#### EXERCISE DATA
◇ ◇ ◇ ◇

(* Let $G$ be a finite group, $I$ a set, and $H=G^I$. Suppose that $f(a,b)=b$ for some $a,b\in G$ and some homogeneous monomial $f:G^2\to G$, and let $N$ be the normal subgroup of $G$ generated by $b$. Let $(X_m)_{m\in\mathbf{N}}$ be an increasing sequence of subsets of $H$ such that $\mathcal{G}(X_m)\subseteq X_{m+1}$ for all $m$ and $\bigcup_m X_m=H$. Then $N^I\subseteq X_m$ for all $m$ large enough.
   Context: For a subset $X$ of a group, $\mathcal{G}(X)=X\cup\{1\}\cup\{x^{-1}: x\in X\}\cup\{xy : x,y\in X\}$. For $n\in\mathbf{N}$, the set of functions $G^n\to G$ is a group under pointwise multiplication; its elements lying in the subgroup generated by the constant functions and the coordinate projections are called monomials. A monomial $m$ is homogeneous if $m(g_1,\dots,g_n)=1$ whenever at least one $g_i$ equals $1$. *)

theory Defs
  imports "HOL-Algebra.Algebra"
begin

text \<open>Functions are represented
curried as 'a => 'a => 'a; only their values on carrier G matter.\<close>

inductive_set monomials2 :: "('a, 'b) monoid_scheme \<Rightarrow> ('a \<Rightarrow> 'a \<Rightarrow> 'a) set"
  for G where
  const: "c \<in> carrier G \<Longrightarrow> (\<lambda>x y. c) \<in> monomials2 G"
| proj1: "(\<lambda>x y. x) \<in> monomials2 G"
| proj2: "(\<lambda>x y. y) \<in> monomials2 G"
| one: "(\<lambda>x y. \<one>\<^bsub>G\<^esub>) \<in> monomials2 G"
| mult: "f \<in> monomials2 G \<Longrightarrow> g \<in> monomials2 G \<Longrightarrow>
         (\<lambda>x y. f x y \<otimes>\<^bsub>G\<^esub> g x y) \<in> monomials2 G"
| inv: "f \<in> monomials2 G \<Longrightarrow> (\<lambda>x y. inv\<^bsub>G\<^esub> (f x y)) \<in> monomials2 G"

definition homogeneous2 :: "('a, 'b) monoid_scheme \<Rightarrow> ('a \<Rightarrow> 'a \<Rightarrow> 'a) \<Rightarrow> bool" where
  "homogeneous2 G f \<longleftrightarrow>
     (\<forall>g1\<in>carrier G. \<forall>g2\<in>carrier G. (g1 = \<one>\<^bsub>G\<^esub> \<or> g2 = \<one>\<^bsub>G\<^esub>) \<longrightarrow> f g1 g2 = \<one>\<^bsub>G\<^esub>)"

definition normal_closure :: "('a, 'b) monoid_scheme \<Rightarrow> 'a \<Rightarrow> 'a set" where
  "normal_closure G b = \<Inter> {N. N \<lhd> G \<and> b \<in> N}"

text \<open>The power group G^I, realised as extensional functions I -> carrier G with
pointwise operations.\<close>
definition pow_carrier :: "('a, 'b) monoid_scheme \<Rightarrow> 'i set \<Rightarrow> ('i \<Rightarrow> 'a) set" where
  "pow_carrier G I = (\<Pi>\<^sub>E i\<in>I. carrier G)"

definition pow_one :: "('a, 'b) monoid_scheme \<Rightarrow> 'i set \<Rightarrow> 'i \<Rightarrow> 'a" where
  "pow_one G I = (\<lambda>i\<in>I. \<one>\<^bsub>G\<^esub>)"

definition pow_mult :: "('a, 'b) monoid_scheme \<Rightarrow> 'i set \<Rightarrow> ('i \<Rightarrow> 'a) \<Rightarrow> ('i \<Rightarrow> 'a) \<Rightarrow> 'i \<Rightarrow> 'a" where
  "pow_mult G I x y = (\<lambda>i\<in>I. x i \<otimes>\<^bsub>G\<^esub> y i)"

definition pow_inv :: "('a, 'b) monoid_scheme \<Rightarrow> 'i set \<Rightarrow> ('i \<Rightarrow> 'a) \<Rightarrow> 'i \<Rightarrow> 'a" where
  "pow_inv G I x = (\<lambda>i\<in>I. inv\<^bsub>G\<^esub> (x i))"

definition gstep :: "('a, 'b) monoid_scheme \<Rightarrow> 'i set \<Rightarrow> ('i \<Rightarrow> 'a) set \<Rightarrow> ('i \<Rightarrow> 'a) set" where
  "gstep G I S = S \<union> {pow_one G I} \<union> (\<lambda>x. pow_inv G I x) ` S \<union> {z. \<exists>x\<in>S. \<exists>y\<in>S. z = pow_mult G I x y}"

end

theory Submission
  imports Defs
begin

text \<open>
  For \<open>g \<in> G\<close> and a set of indices \<open>S\<close> let \<open>g\<^sub>S \<in> G\<^sup>I\<close> be \<open>g\<close> on \<open>S\<close> and \<open>1\<close> off \<open>S\<close>,
  and let the level of \<open>x \<in> G\<^sup>I\<close> be the least \<open>m\<close> with \<open>x \<in> X\<^sub>m\<close>. The \<open>g\<close> for which
  the levels of all \<open>g\<^sub>S\<close> are bounded form a normal subgroup of \<open>G\<close>. Once it contains \<open>b\<close>
  it contains \<open>N\<close>, and since \<open>N\<close> is finite, every element of \<open>N\<^sup>I\<close> is a product of at
  most \<open>|N|\<close> elements \<open>g\<^sub>S\<close> and so has bounded level.

  It remains to bound the levels of the \<open>b\<^sub>S\<close>. Up to additive constants, \<open>S \<mapsto> level b\<^sub>S\<close>
  is subadditive on disjoint unions and on differences, and the monomial gives one more
  property: if the \<open>D\<^sub>j\<close> are pairwise disjoint and \<open>T\<^sub>j \<subseteq> D\<^sub>j\<close>, then
  \<open>f(a\<^sub>U, b\<^bsub>D\<^sub>j\<^esub>) = b\<^bsub>T\<^sub>j\<^esub>\<close> for \<open>U = \<Union>\<^sub>j T\<^sub>j\<close>, so
  \<open>level b\<^bsub>T\<^sub>j\<^esub> \<le> level b\<^bsub>D\<^sub>j\<^esub> + c\<close> with \<open>c\<close> independent of \<open>j\<close>.
  A function on subsets with these properties is bounded. Otherwise, one could keep splitting off
  a piece \<open>D\<^sub>j\<close> with a subset \<open>T\<^sub>j\<close> whose level exceeds that of \<open>D\<^sub>j\<close> by more than \<open>j\<close>
  while leaving an unbounded remainder, and this would contradict the uniform constant \<open>c\<close>.
\<close>

section \<open>Boundedness of level functions on subsets\<close>

lemma disjoint_family_by_choice:
  fixes P :: "nat \<Rightarrow> 'a set \<Rightarrow> bool"
  assumes "Inv A"
    and step: "\<And>n A. Inv A \<Longrightarrow> \<exists>D\<subseteq>A. Inv (A - D) \<and> P n D"
  obtains D where "disjoint_family D" "\<And>n. D n \<subseteq> A" "\<And>n. P n (D n)"
proof -
  have "\<exists>As. \<forall>n. (Inv (As n) \<and> (n = 0 \<longrightarrow> As n = A))
      \<and> (\<exists>D\<subseteq>As n. As (Suc n) = As n - D \<and> P n D)"
  proof (rule dependent_nat_choice)
    show "\<exists>A'. Inv A' \<and> (0 = 0 \<longrightarrow> A' = A)" using \<open>Inv A\<close> by blast
  next
    fix A' and n :: nat assume "Inv A' \<and> (n = 0 \<longrightarrow> A' = A)"
    then obtain D where "D \<subseteq> A'" "Inv (A' - D)" "P n D" using step by blast
    then show "\<exists>A''. (Inv A'' \<and> (Suc n = 0 \<longrightarrow> A'' = A)) \<and> (\<exists>D\<subseteq>A'. A'' = A' - D \<and> P n D)"
      by blast
  qed
  then obtain As where As0: "As 0 = A"
    and AsSuc: "\<And>n. \<exists>D\<subseteq>As n. As (Suc n) = As n - D \<and> P n D"
    by blast
  define D where "D n = As n - As (Suc n)" for n
  have As_Suc: "As (Suc n) \<subseteq> As n" and P_D: "P n (D n)" for n
    using AsSuc[of n] unfolding D_def by (auto simp: Diff_Diff_Int Int_absorb1)
  have As_anti: "As n \<subseteq> As m" if "m \<le> n" for m n
    using lift_Suc_antimono_le[of As, OF As_Suc] that by blast
  show thesis
  proof
    show "D n \<subseteq> A" for n
      using As_anti[of 0 n] As0 unfolding D_def by blast
    show "P n (D n)" for n by (rule P_D)
    show "disjoint_family D"
    proof -
      have "D m \<inter> D n = {}" if "m < n" for m n
        using As_anti[of "Suc m" n] that unfolding D_def by auto
      then show ?thesis
        unfolding disjoint_family_on_def by (metis Int_commute linorder_neqE_nat)
    qed
  qed
qed

lemma disjoint_family_Union_Int:
  assumes "disjoint_family D" "\<And>j. T j \<subseteq> D j"
  shows "(\<Union>k. T k) \<inter> D j = T j"
proof
  show "T j \<subseteq> (\<Union>k. T k) \<inter> D j" using assms(2) by blast
  show "(\<Union>k. T k) \<inter> D j \<subseteq> T j"
  proof
    fix i assume "i \<in> (\<Union>k. T k) \<inter> D j"
    then obtain k where "i \<in> T k" "i \<in> D j" by blast
    moreover have "k = j"
      using disjoint_family_onD[OF assms(1) UNIV_I UNIV_I, of k j] assms(2)[of k] calculation by blast
    ultimately show "i \<in> T j" by simp
  qed
qed

locale set_level =
  fixes lv :: "'i set \<Rightarrow> nat"
  assumes level_Un_disjoint: "A \<inter> B = {} \<Longrightarrow> lv (A \<union> B) \<le> max (lv A) (lv B) + 1"
    and level_Diff: "S \<subseteq> R \<Longrightarrow> lv (R - S) \<le> max (lv R) (lv S) + 2"
    and level_disjoint_family:
      "disjoint_family (D :: nat \<Rightarrow> 'i set) \<Longrightarrow> (\<And>j. T j \<subseteq> D j) \<Longrightarrow> \<exists>c. \<forall>j. lv (T j) \<le> lv (D j) + c"
begin

definition bounded_on :: "'i set \<Rightarrow> bool" where
  "bounded_on C \<longleftrightarrow> (\<exists>n. \<forall>T\<subseteq>C. lv T \<le> n)"

definition indecomposable :: "'i set \<Rightarrow> bool" where
  "indecomposable R \<longleftrightarrow> (\<forall>P\<subseteq>R. bounded_on P \<or> bounded_on (R - P))"

lemma level_le_split: "lv C \<le> max (lv (C - F)) (lv (C \<inter> F)) + 1"
  using level_Un_disjoint[of "C - F" "C \<inter> F"] by (simp add: Un_Diff_Int Diff_Int_distrib2 inf_commute)

lemma level_le_of_Diff: "S \<subseteq> R \<Longrightarrow> lv S \<le> max (lv R) (lv (R - S)) + 2"
  using level_Diff[of "R - S" R] by (simp add: double_diff)

lemma bounded_on_empty: "bounded_on {}"
  unfolding bounded_on_def by auto

lemma bounded_on_subset: "bounded_on C \<Longrightarrow> D \<subseteq> C \<Longrightarrow> bounded_on D"
  unfolding bounded_on_def by (meson order_trans)

lemma bounded_on_Un:
  assumes "bounded_on C" "bounded_on D"
  shows "bounded_on (C \<union> D)"
proof -
  obtain n1 n2 where n1: "\<forall>T\<subseteq>C. lv T \<le> n1" and n2: "\<forall>T\<subseteq>D. lv T \<le> n2"
    using assms unfolding bounded_on_def by blast
  have "lv T \<le> max n2 n1 + 1" if "T \<subseteq> C \<union> D" for T
  proof -
    have "lv (T - C) \<le> n2" "lv (T \<inter> C) \<le> n1"
      using n1 n2 that by blast+
    then show ?thesis
      using level_le_split[of T C] by linarith
  qed
  then show ?thesis unfolding bounded_on_def by blast
qed

lemma unbounded_Diff_bounded: "\<not> bounded_on R \<Longrightarrow> bounded_on D \<Longrightarrow> \<not> bounded_on (R - D)"
  using bounded_on_Un[of D "R - D"] bounded_on_subset[of "D \<union> (R - D)" R] by blast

◇ ◇ ◇ ◇

#### WHAT THE TASK ASKS
Reproduce, exactly as they stand in the data above, the lines from the one that holds "b = \<Inter>" to the one that holds "I = (\<lambda>i\<in>I.", inclusive.

#### EXERCISE SOLUTION
  "normal_closure G b = \<Inter> {N. N \<lhd> G \<and> b \<in> N}"

text \<open>The power group G^I, realised as extensional functions I -> carrier G with
pointwise operations.\<close>
definition pow_carrier :: "('a, 'b) monoid_scheme \<Rightarrow> 'i set \<Rightarrow> ('i \<Rightarrow> 'a) set" where
  "pow_carrier G I = (\<Pi>\<^sub>E i\<in>I. carrier G)"

definition pow_one :: "('a, 'b) monoid_scheme \<Rightarrow> 'i set \<Rightarrow> 'i \<Rightarrow> 'a" where
  "pow_one G I = (\<lambda>i\<in>I. \<one>\<^bsub>G\<^esub>)"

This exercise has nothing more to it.